Extra jobs enhanced experience
Throughout her career, Dullin says, she often has held more than one job at a time. While working as a nurse, for example, she also had a job with Sheraton Hotels, handling first-aid and CPR training and keeping track of employee and guest injuries and accidents at a facility with 1,300 employees. While holding down the Ask-A-Nurse position, she adds, Dullin also did medical/legal reviews for an attorney.
That attorney might, for example, be representing an insurance company, and ask her to review the medical record associated with a particular case, Dullin says. "I’d get those [records] to digest and be able to extrapolate whether there was a prior history of an accident or complaints. Or, I might say to the attorney, You need to check this out before settling with the insurance company.’"
Before taking her current job as admitting director, Dullin notes, she was sought out by Straub’s chief financial officer, who had heard about her from a woman Dullin had supervised at Queens Medical Center.
"At that time, admitting had just gone under business services and they were making significant managerial changes," she says. It’s likely that her background in nursing, as well as her referral management and UR experience, helped her get the director position, Dullin suggests.
Another plus was that she had been heavily involved in instituting a price-quoting system and improving upfront collections during her 1990-1996 tenure at Queens, she adds. "Queens is a not-for-profit hospital, and recognized there was an opportunity [to improve the bottom line], and that this also was a component of good customer service." As part of that effort, Dullin adds, she worked with her staff on the practice of making payment arrangements with customers.

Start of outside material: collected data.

lemma util_a_eq:
  assumes "set_pmf gA \<subseteq> {1..}" and "finite (set_pmf gA)" and "0 < F v"
  shows "util_a F gA k v (nc, sz, vals, mates) =
    (if (\<forall>t<k - 1. mates t < v) \<and> rivals_below F v nc sz vals then v - beP F v (Pnk gA nc k) else 0)"
proof -
  have "(\<forall>j<nc - 1. beP F (Max (vals j ` {..<sz j})) (Pnk gA nc 1) < beP F v (Pnk gA nc 1))
      \<longleftrightarrow> rivals_below F v nc sz vals"
    unfolding rivals_below_def using beP_Pnk_less_iff[OF assms(1,2) _ assms(3), where n=nc and k=1] by auto
  then show ?thesis unfolding util_a_def Let_def setcompr_eq_image by auto
qed

lemma util_b_eq:
  assumes "set_pmf gA \<subseteq> {1..}" and "finite (set_pmf gA)" and "0 < F v" and "2 \<le> k"
  shows "util_b F gA k v (nc, sz, vals, mates) =
    (if rivals_below F v nc sz vals \<and> (\<forall>t<k - 1. F (mates t) < F v)
     then v - beP F v (Pnk gA (nc - 1 + k) 1) else 0)"
proof -
  note less_iff = beP_Pnk_less_iff[OF assms(1,2) _ assms(3), where n="nc - 1 + k" and k=1]
  have "(\<forall>j<nc - 1. beP F (Max (vals j ` {..<sz j})) (Pnk gA (nc - 1 + k) 1)
          < beP F v (Pnk gA (nc - 1 + k) 1)) \<longleftrightarrow> rivals_below F v nc sz vals"
    unfolding rivals_below_def using less_iff assms(4) by auto
  moreover have "(\<forall>t<k - 1. beP F (mates t) (Pnk gA (nc - 1 + k) 1) < beP F v (Pnk gA (nc - 1 + k) 1))
      \<longleftrightarrow> (\<forall>t<k - 1. F (mates t) < F v)"
    using less_iff assms(4) by auto
  ultimately show ?thesis unfolding util_b_def Let_def setcompr_eq_image ball_Un by auto
qed

lemma beP_Pnk_bounds:
  assumes "set_pmf g \<subseteq> {1..}" and "finite (set_pmf g)" and "2 \<le> k + (n - 1)" and "0 \<le> v"
  shows "0 \<le> beP F v (Pnk g n k)" and "beP F v (Pnk g n k) \<le> v"
proof -
  have "set_pmf (Pnk g n k) \<subseteq> {2..}"
    using set_pmf_Pnk_subset[OF assms(1), of n k] assms(3) by auto
  then show "0 \<le> beP F v (Pnk g n k)" and "beP F v (Pnk g n k) \<le> v"
    using beP_bounds[OF finite_set_pmf_Pnk[OF assms(2)] _ assms(4)] by auto
qed

lemma util_a_bounds:
  assumes gA: "set_pmf gA \<subseteq> {1..}" "finite (set_pmf gA)" and Fv: "0 < F v" and k: "2 \<le> k"
  shows "0 \<le> util_a F gA k v \<omega>" and "util_a F gA k v \<omega> \<le> v"
proof -
  obtain nc sz vals mates where \<omega>: "\<omega> = (nc, sz, vals, mates)" by (cases \<omega>) auto
  have "0 \<le> beP F v (Pnk gA nc k)" "beP F v (Pnk gA nc k) \<le> v"
    using beP_Pnk_bounds[OF gA _ F_pos_imp_nonneg[OF Fv], of k nc] k by auto
  then show "0 \<le> util_a F gA k v \<omega>" "util_a F gA k v \<omega> \<le> v"
    unfolding \<omega> util_a_eq[OF gA Fv] using F_pos_imp_nonneg[OF Fv] by auto
qed

lemma util_b_nonneg:
  assumes gA: "set_pmf gA \<subseteq> {1..}" "finite (set_pmf gA)" and Fv: "0 < F v" and k: "2 \<le> k"
  shows "0 \<le> util_b F gA k v \<omega>"
proof -
  obtain nc sz vals mates where \<omega>: "\<omega> = (nc, sz, vals, mates)" by (cases \<omega>) auto
  have "beP F v (Pnk gA (nc - 1 + k) 1) \<le> v"
    using beP_Pnk_bounds(2)[OF gA _ F_pos_imp_nonneg[OF Fv], of 1 "nc - 1 + k"] k by auto
  then show ?thesis unfolding \<omega> util_b_eq[OF gA Fv k] by simp
qed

Straub is in the process of refining its upfront collections program, she notes. "Because it’s a clinic and a hospital and we have physicians located here, the physicians’ offices are notifying patients at the point of service of their copayments and self-pay balances, and collecting."
Several financial counselors in the admitting area had reported to Dullin, but in August 2001 went under the oversight of one of the business services managers, she says.
Those financial counselors, however, continue to work as a team with access personnel, Dullin points out, in regard to verifying the status of self-pay patients in the ED. "They also handle the inpatients that we admit overnight.
As part of a five-year work plan set in place under Straub’s recent merger with three other hospitals, Dullin says the admitting area will be a focus in all four hospitals.
"We will be continuing a customer service initiative that started in business services," adds Dullin, who expects her past experience to serve her well in this endeavor. This initiative will involve internal and external customers, she says, and will look, among other things, at strengthening the working relationship and communication between the ED front desk and the ED medical staff.
"Because of EMTALA [Emergency Medical Treatment and Active Labor Act] laws, we can only do so much [in registering the patient]," she says. "We have a high percent of our admissions through the ED, and before we proceed, it’s imperative to have good communication [with clinical staff]."
Stabilizing staffing is among her top goals for the coming year, Dullin adds. Part of the challenge there, she notes, is that there is no specific school or training for access representatives. "It’s hard to teach good customer service," Dullin says, "so I look for that first, and after that try to find some experience that is related [to access]."